Exercise brief
Using the records below, output the stretch that opens with the line containing "definition quat_i :: quat" and closes with the line containing "(with s(a1) = v);", exactly and including both lines, with nothing more.

Provided records
(* Let $(Q,\mathcal M)$ be a modulated quiver with $\mathcal M$ v-uniform, $I$ an admissible ideal of $T(Q,\mathcal M)$, $\Psi$ a complexification isomorphism, $J=\Psi(\mathbf e(I\otimes_{\mathbb R}\mathbb C)\mathbf e)$, and $p$ a path of $Q$. (1) If $\mathcal M$ is v-uniform with $\mathbb R$ or with $\mathbb H$, then $\Gamma=Q$, the path $p$ of $\Gamma$ is the only fiber of $p$, and $p\in R_I$ if and only if $p\in J$. (2) If $\mathcal M$ is v-uniform with $\mathbb C$, then $p$ has exactly two fibers $p',p''$ in $\Gamma$, and $p\in R_I\iff p'\in J\iff p''\in J$.
   Context: Quivers $Q=(Q_0,Q_1,s,t)$ are finite; an arrow $\alpha$ goes from $s(\alpha)$ to $t(\alpha)$. Paths are written from right to left: a path of length $n\ge1$ is $p=\alpha_n\cdots\alpha_1$ with $t(\alpha_k)=s(\alpha_{k+1})$; each vertex $i$ has a trivial path $e_i$. For a division ring $D$, $DQ$ denotes the path algebra of $Q$ over $D$ (free left $D$-module on the paths, scalars commuting with paths, multiplication by concatenation). Let $\mathbb H=\{\begin{bmatrix}a&b\\-\bar b&\bar a\end{bmatrix}:a,b\in\mathbb C\}\subset M_2(\mathbb C)$ be the real quaternions. A modulation $\mathcal M$ of $Q$ assigns to each vertex $i$ a division ring $\mathcal M(i)\in\{\mathbb R,\mathbb C,\mathbb H\}$ and to each arrow $\alpha$ a simple $\mathcal M(t(\alpha))$-$\mathcal M(s(\alpha))$-bimodule $\mathcal M(\alpha)$ on which $\mathbb R$ acts centrally; $(Q,\mathcal M)$ is a modulated quiver. Up to isomorphism there is exactly one such simple bimodule for each pair of these division rings other than $(\mathbb C,\mathbb C)$, and for $(\mathbb C,\mathbb C)$ there are exactly two: $\mathbb C$ with action $a\cdot z\cdot b=azb$, and $\overline{\mathbb C}$, which is $\mathbb C$ as a set with action $a\cdot z\cdot b=az\bar b$. For a path $p=\alpha_n\cdots\alpha_1$ put $\mathcal M(p)=\mathcal M(\alpha_n)\otimes_{\mathcal M(s(\alpha_n))}\cdots\otimes_{\mathcal M(s(\alpha_2))}\mathcal M(\alpha_1)$, and $\mathcal M(e_i)=\mathcal M(i)$. The tensor algebra is $T(Q,\mathcal M)=\prod_{i\in Q_0}\mathcal M(i)\oplus\bigoplus_{p}\mathcal M(p)$ (sum over paths of length $\ge1$). An ideal $I$ of $T(Q,\mathcal M)$ is admissible if $A^m\subseteq I\subseteq A^2$ for some $m\ge2$, where $A$ is the ideal generated by $\bigoplus_{\alpha\in Q_1}\mathcal M(\alpha)$. $\mathcal M$ is v-uniform with $D\in\{\mathbb R,\mathbb C,\mathbb H\}$ if $\mathcal M(i)=D$ for all $i\in Q_0$. Then every $\mathcal M(\alpha)$ has underlying set $D$, and for a path $p$ we write $1_{\mathcal M(p)}=1\otimes\cdots\otimes1\in\mathcal M(p)$ ($1_{\mathcal M(e_i)}$ being the identity of $\mathcal M(i)$). For an ideal $I$ of $T(Q,\mathcal M)$ put $R_I=\{\sum_k d_kp_k\in DQ:\ \sum_k d_k1_{\mathcal M(p_k)}\in I\}$, an ideal of $DQ$. The quiver $\Gamma$ of $(Q,\mathcal M)$: each $i\in Q_0$ with $\mathcal M(i)\in\{\mathbb R,\mathbb H\}$ gives one vertex $i$ of $\Gamma$; each $i$ with $\mathcal M(i)=\mathbb C$ gives two vertices $i,\bar i$. Each arrow $\alpha:i\to j$ of $Q$ gives arrows of $\Gamma$ as follows: if $\mathcal M(i)=\mathcal M(j)\in\{\mathbb R,\mathbb H\}$, one arrow $\alpha:i\to j$; if $\mathcal M(i)=\mathbb C$ and $\mathcal M(j)\in\{\mathbb R,\mathbb H\}$, arrows $\alpha:i\to j$, $\bar\alpha:\bar i\to j$; if $\mathcal M(i)\in\{\mathbb R,\mathbb H\}$ and $\mathcal M(j)=\mathbb C$, arrows $\alpha:i\to j$, $\bar\alpha:i\to\bar j$; if $\{\mathcal M(i),\mathcal M(j)\}=\{\mathbb R,\mathbb H\}$, two arrows $\alpha,\bar\alpha:i\to j$; if $\mathcal M(i)=\mathcal M(j)=\mathbb C$ and $\mathcal M(\alpha)=\mathbb C$, arrows $\alpha:i\to j$, $\bar\alpha:\bar i\to\bar j$; if $\mathcal M(i)=\mathcal M(j)=\mathbb C$ and $\mathcal M(\alpha)=\overline{\mathbb C}$, arrows $\alpha:\bar i\to j$, $\bar\alpha:i\to\bar j$. The map $\pi:\Gamma\to Q$ sends $i,\bar i\mapsto i$ and $\alpha,\bar\alpha\mapsto\alpha$. A vertex or arrow $x$ of $\Gamma$ is a fiber of $\pi(x)$; a path $\beta_n\cdots\beta_1$ of $\Gamma$ is a fiber of the path $\pi(\beta_n)\cdots\pi(\beta_1)$ of $Q$, and the fibers of a trivial path $e_i$ are the trivial paths $e_{i'}$ with $i'$ a fiber of $i$. Identify $\mathbb R\otimes_{\mathbb R}\mathbb C=\mathbb C$, $\mathbb H\otimes_{\mathbb R}\mathbb C\cong M_2(\mathbb C)$ via $h\otimes c\mapsto ch$, and $\mathbb C\otimes_{\mathbb R}\mathbb C\cong\mathbb C\times\mathbb C$ via $a\otimes b\mapsto(ab,\bar ab)$. Let $\mathbf e=(\epsilon_i)_{i\in Q_0}\in\prod_i\mathcal M(i)\otimes_{\mathbb R}\mathbb C\subseteq T(Q,\mathcal M)\otimes_{\mathbb R}\mathbb C$, where $\epsilon_i=1$ if $\mathcal M(i)\in\{\mathbb R,\mathbb C\}$ and $\epsilon_i$ corresponds to the matrix unit $\begin{bmatrix}1&0\\0&0\end{bmatrix}$ if $\mathcal M(i)=\mathbb H$. A complexification isomorphism for $(Q,\mathcal M)$ is a $\mathbb C$-algebra isomorphism $\Psi:\mathbf e(T(Q,\mathcal M)\otimes_{\mathbb R}\mathbb C)\mathbf e\to\mathbb C\Gamma$ such that for every path $p$ of $Q$ (trivial or not), $\Psi(\mathbf e(\mathcal M(p)\otimes_{\mathbb R}\mathbb C)\mathbf e)=\bigoplus_q\mathbb Cq$, the sum over all fibers $q$ of $p$ in $\Gamma$; such isomorphisms exist. *)

theory Defs
  imports Complex_Main
begin

text \<open>Quat a b represents the complex 2x2 matrix [[a, b], [-cnj b, cnj a]].\<close>

datatype quat = Quat complex complex

fun qa :: "quat \<Rightarrow> complex" where "qa (Quat a b) = a"
fun qb :: "quat \<Rightarrow> complex" where "qb (Quat a b) = b"

lemma quat_eq_iff: "x = y \<longleftrightarrow> qa x = qa y \<and> qb x = qb y"
  by (cases x; cases y) auto

instantiation quat :: "{real_vector, times, one}"
begin
definition "0 = Quat 0 0"
definition "1 = Quat 1 0"
definition "x + y = Quat (qa x + qa y) (qb x + qb y)"
definition "- x = Quat (- qa x) (- qb x)"
definition "x - y = Quat (qa x - qa y) (qb x - qb y)"
definition "x * y = Quat (qa x * qa y - qb x * cnj (qb y)) (qa x * qb y + qb x * cnj (qa y))"
definition "scaleR r x = Quat (scaleR r (qa x)) (scaleR r (qb x))"
instance
  by standard (auto simp: quat_eq_iff zero_quat_def plus_quat_def uminus_quat_def
      minus_quat_def scaleR_quat_def algebra_simps)
end

definition quat_i :: quat where "quat_i = Quat \<i> 0"

record ('v,'a) quiver =
  verts :: "'v set"
  arrs :: "'a set"
  src :: "'a \<Rightarrow> 'v"
  tgt :: "'a \<Rightarrow> 'v"

definition finite_quiver :: "('v,'a) quiver \<Rightarrow> bool" where
  "finite_quiver Q \<longleftrightarrow> finite (verts Q) \<and> finite (arrs Q) \<and>
     (\<forall>\<alpha>\<in>arrs Q. src Q \<alpha> \<in> verts Q \<and> tgt Q \<alpha> \<in> verts Q)"

text \<open>A path is a pair (v, [a1,...,an]) standing for the path an...a1 starting at v
  (with s(a1) = v); (v, []) is the trivial path e_v.\<close>
type_synonym ('v,'a) path = "'v \<times> 'a list"

definition is_path :: "('v,'a) quiver \<Rightarrow> ('v,'a) path \<Rightarrow> bool" where
  "is_path Q p \<longleftrightarrow> fst p \<in> verts Q \<and> set (snd p) \<subseteq> arrs Q \<and>
     (snd p \<noteq> [] \<longrightarrow> src Q (hd (snd p)) = fst p) \<and>
     (\<forall>k. Suc k < length (snd p) \<longrightarrow> tgt Q (snd p ! k) = src Q (snd p ! Suc k))"

definition psrc :: "('v,'a) path \<Rightarrow> 'v" where "psrc p = fst p"

definition ptgt :: "('v,'a) quiver \<Rightarrow> ('v,'a) path \<Rightarrow> 'v" where
  "ptgt Q p = (if snd p = [] then fst p else tgt Q (last (snd p)))"

text \<open>pcomp q p is the concatenation q p (first p, then q); meaningful if ptgt p = psrc q.\<close>
definition pcomp :: "('v,'a) path \<Rightarrow> ('v,'a) path \<Rightarrow> ('v,'a) path" where
  "pcomp q p = (fst p, snd p @ snd q)"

Finished task
definition quat_i :: quat where "quat_i = Quat \<i> 0"

record ('v,'a) quiver =
  verts :: "'v set"
  arrs :: "'a set"
  src :: "'a \<Rightarrow> 'v"
  tgt :: "'a \<Rightarrow> 'v"

definition finite_quiver :: "('v,'a) quiver \<Rightarrow> bool" where
  "finite_quiver Q \<longleftrightarrow> finite (verts Q) \<and> finite (arrs Q) \<and>
     (\<forall>\<alpha>\<in>arrs Q. src Q \<alpha> \<in> verts Q \<and> tgt Q \<alpha> \<in> verts Q)"

text \<open>A path is a pair (v, [a1,...,an]) standing for the path an...a1 starting at v
  (with s(a1) = v); (v, []) is the trivial path e_v.\<close>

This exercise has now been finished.